PowerPointのズーム機能とは:3種類の違いと選び方
PowerPointのズーム機能は[挿入]タブ→[リンク]グループ→[ズーム]から挿入できます。3種類のメニューが表示されるため、用途に応じて選択します。
| 種類 | リンク先 | 主な用途 | 前提条件 |
|---|---|---|---|
| スライドズーム | 任意の1枚のスライド | 特定スライドへのショートカット・フロー外のスライドへの直接移動 | なし(どのスライドでも指定可能) |
| セクションズーム | 特定セクションの先頭スライド | セクションをまたぐナビゲーション・発表の「章」間を自由に移動 | あらかじめスライドをセクション分けしておく必要あり |
| サマリーズーム | 各セクションの先頭スライド(全セクション) | 目次スライドの自動生成・インタラクティブなメニュー画面 | あらかじめスライドをセクション分けしておく必要あり |
スライドズームは細かな自由度があり「このスライドだけ別の場所からも参照したい」という場合に向いています。セクションズームはセクションの先頭スライドへのリンクで、大章ごとの飛び先を設置するときに使います。
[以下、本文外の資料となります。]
lemma Ffun_u_v_le:
  assumes "\<gamma> \<ge> 0"
  shows "Ffun \<gamma> R (u k) (v k)
    \<le> (1 + \<gamma>) * m * ln (1 + 8 * m / (pi * R\<^sup>2)) + (1 + \<gamma>) * (pi * R\<^sup>2) + m * A * ln 2 / 2
        + A\<^sup>2 * pi / 2 + 4 * A\<^sup>2 * R * (pi * R * (1 + b))
      + k * (2 * (1 + \<gamma>) * m * ln b - m * A * ln b + A\<^sup>2 * pi * (b\<^sup>2 - 1) / 2)"
    (is "_ \<le> ?bound")
proof -
  have "Ffun \<gamma> R (u k) (v k)
      \<le> (1 + \<gamma>) * m * (ln (1 + 8 * m / (pi * R\<^sup>2)) + 2 * real k * ln b) + (1 + \<gamma>) * (pi * R\<^sup>2)
        - m * A * (k * ln b - ln 2 / 2) + A\<^sup>2 * (pi + k * pi * (b\<^sup>2 - 1)) / 2
        + 8 * A\<^sup>2 * R * (pi * R * (1 + b)) / 2"
    using integral_Gfun_u_le[OF assms, of k] integral_u_v_ge[of k]
      integral_grad_sq_v_le[of k] integral_v_squared_le[of k]
    unfolding Ffun_def by linarith
  also have "\<dots> = ?bound" by (simp add: field_simps)
  finally show ?thesis .
qed

end

text \<open>With \<open>A = m/(2\<pi>)\<close> the slope equals \<open>m/(8\<pi>) \<cdot> (m(b\<^sup>2-1) - (4m - 2c) ln b)\<close>, where
  \<open>c = 8\<pi>(1+\<gamma>)\<close>; since \<open>ln b \<ge> (b-1)/b\<close>, it is negative as soon as
  \<open>m b (b+1) < 4m - 2c\<close>, which holds for \<open>b - 1 = (m-c)/(4m)\<close>.\<close>
lemma energy_slope_neg:
  fixes \<gamma> m :: real
  assumes "\<gamma> \<ge> 0" and "m > 8 * pi * (1 + \<gamma>)"
  defines "b \<equiv> 1 + (m - 8 * pi * (1 + \<gamma>)) / (4 * m)" and "A \<equiv> m / (2 * pi)"
  shows "2 * (1 + \<gamma>) * m * ln b - m * A * ln b + A\<^sup>2 * pi * (b\<^sup>2 - 1) / 2 < 0"
proof -
  define c where "c = 8 * pi * (1 + \<gamma>)"
  define \<delta> where "\<delta> = (m - c) / (4 * m)"
  have c: "0 < c" "c < m" using assms by (simp_all add: c_def add_pos_pos)
  then have m: "m > 0" by linarith
  have \<delta>: "0 < \<delta>" "\<delta> < 1/4" using c by (simp_all add: \<delta>_def field_simps)
  have b: "b = 1 + \<delta>" by (simp add: b_def \<delta>_def c_def)
  have "\<delta> * \<delta> < \<delta>" using \<delta> by (simp add: mult_less_cancel_left1)
  then have "m * ((2 + \<delta>) * (1 + \<delta>)) < m * (2 + 4 * \<delta>)"
    using m by (intro mult_strict_left_mono) (simp_all add: algebra_simps)
  also have "m * (2 + 4 * \<delta>) = 3 * m - c" using m by (simp add: \<delta>_def field_simps)
  finally have "m * (2 + \<delta>) * (1 + \<delta>) < 4 * m - 2 * c" using c by (simp add: mult.assoc)
  from mult_strict_left_mono[OF this \<delta>(1)]
  have "m * (b\<^sup>2 - 1) * (1 + \<delta>) < \<delta> * (4 * m - 2 * c)"
    by (simp add: b power2_eq_square algebra_simps)
  then have "m * (b\<^sup>2 - 1) < (4 * m - 2 * c) * ((b - 1) / b)"
    using \<delta> by (simp add: b field_simps)
  also have "\<dots> \<le> (4 * m - 2 * c) * ln b"
    using ln_diff_le[of 1 b] \<delta> c by (intro mult_left_mono) (simp_all add: b)
  finally have "m / (8 * pi) * (m * (b\<^sup>2 - 1) - (4 * m - 2 * c) * ln b) < 0"
    using m by (intro mult_pos_neg) auto
  moreover have "2 * (1 + \<gamma>) * m * ln b - m * A * ln b + A\<^sup>2 * pi * (b\<^sup>2 - 1) / 2
      = m / (8 * pi) * (m * (b\<^sup>2 - 1) - (4 * m - 2 * c) * ln b)"
    by (simp add: A_def c_def field_simps power2_eq_square)
  ultimately show ?thesis by simp
qed

theorem lemma4p7:
  fixes \<gamma> R m :: real
  assumes "\<gamma> > 0" and "R > 0" and "m > 8 * pi * (1 + \<gamma>)"
  shows "\<exists>u v :: nat \<Rightarrow> R2 \<Rightarrow> real.
           (\<forall>k. admissible \<gamma> R (u k) (v k) \<and> integral (ball 0 R) (u k) = m) \<and>
           filterlim (\<lambda>k. Ffun \<gamma> R (u k) (v k)) at_bot sequentially"
proof -
  define b where "b = 1 + (m - 8 * pi * (1 + \<gamma>)) / (4 * m)"
  define A where "A = m / (2 * pi)"
  have \<gamma>: "\<gamma> \<ge> 0" using assms(1) by simp
  have "8 * pi * (1 + \<gamma>) > 0" using \<gamma> by (simp add: add_pos_nonneg)
  then have m: "m > 0" using assms(3) by linarith
  interpret concentrating_pair R b m A
    using assms m by unfold_locales (simp_all add: b_def A_def)
  have "filterlim (\<lambda>k. Ffun \<gamma> R (u k) (v k)) at_bot sequentially"
    using energy_slope_neg[OF \<gamma> assms(3)] Ffun_u_v_le[OF \<gamma>]
    by (intro filterlim_at_bot_if_linear_bound) (simp_all add: b_def A_def)
  then show ?thesis using admissible_u_v integral_u by blast
qed

end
サマリーズームは全セクションのサムネイルを並べたメニュースライドを自動で生成してくれる最も高機能な選択肢です。初めて使う場合はサマリーズームが全体像を把握しやすくおすすめです。
スライドズームの挿入・設定手順
スライドズームは、現在開いているスライドに「別のスライドのサムネイル」を貼り付け、クリックでそのスライドへジャンプする機能です。発表中にリファレンス資料やデータスライドへ素早く移動したいときに活用します。
①[挿入]タブ→[ズーム]→[スライドズーム]をクリックします。②スライドの一覧が表示されるので、リンク先にしたいスライドのチェックボックスにチェックを入れます(複数選択可)。③[挿入]をクリックするとサムネイルがスライド上に配置されます。④サムネイルをドラッグして位置を調整します。スライドショー実行中にそのサムネイルをクリックするとズームアニメーションで目的のスライドに切り替わります。
スライドズームの実務活用パターン
| 活用シーン | 設定方法 | 効果 |
|---|---|---|
| Q&Aで参照スライドに即ジャンプ | 最終スライドにQ&Aセッション用の補足スライド群をスライドズームで並べる | 質問を受けた瞬間にサムネイルをクリックするだけで関連データスライドへ移動できる |
| マルチページ比較 | 比較元スライドに比較先スライドのズームを2つ並べる | クリックで左右のデータを行き来しながら差異を説明できる |
| 詳細データへのドリルダウン | 概要スライドに詳細データスライドへのズームを設置 | 必要なときだけ詳細に入り、Escキーで概要に戻れる |
スライドショー中にズームで移動した後は、Escキーを押すかクリックで元のスライドに戻ります(「ズーム後に元のスライドに戻る」設定が既定でオンの場合)。この動作は後述の「ズームトランジション」の設定で変更できます。
セクションズームの挿入・設定手順
セクションズームを使うには、あらかじめスライドをセクションに分けておく必要があります。セクション分けは左側のスライドパネルで区切りたいスライドの上で右クリック→[セクションの追加]で行えます。
セクション分けの手順
①スライドパネルで新しいセクションを始めたいスライドを右クリックします。②[セクションの追加]を選択してセクション名を入力します(例:「1章 現状分析」)。③必要なセクション数だけ繰り返します。セクション名はサマリーズームやセクションズームのサムネイルに表示されるため、わかりやすい名前を付けることが重要です。
セクションズームの挿入手順
①[挿入]タブ→[ズーム]→[セクションズーム]をクリックします。②セクション一覧が表示されます。リンクしたいセクションのチェックボックスにチェックを入れます。③[挿入]をクリックするとセクション先頭スライドのサムネイルが配置されます。スライドショー中にサムネイルをクリックすると、そのセクションの先頭スライドへズームアニメーションで移動します。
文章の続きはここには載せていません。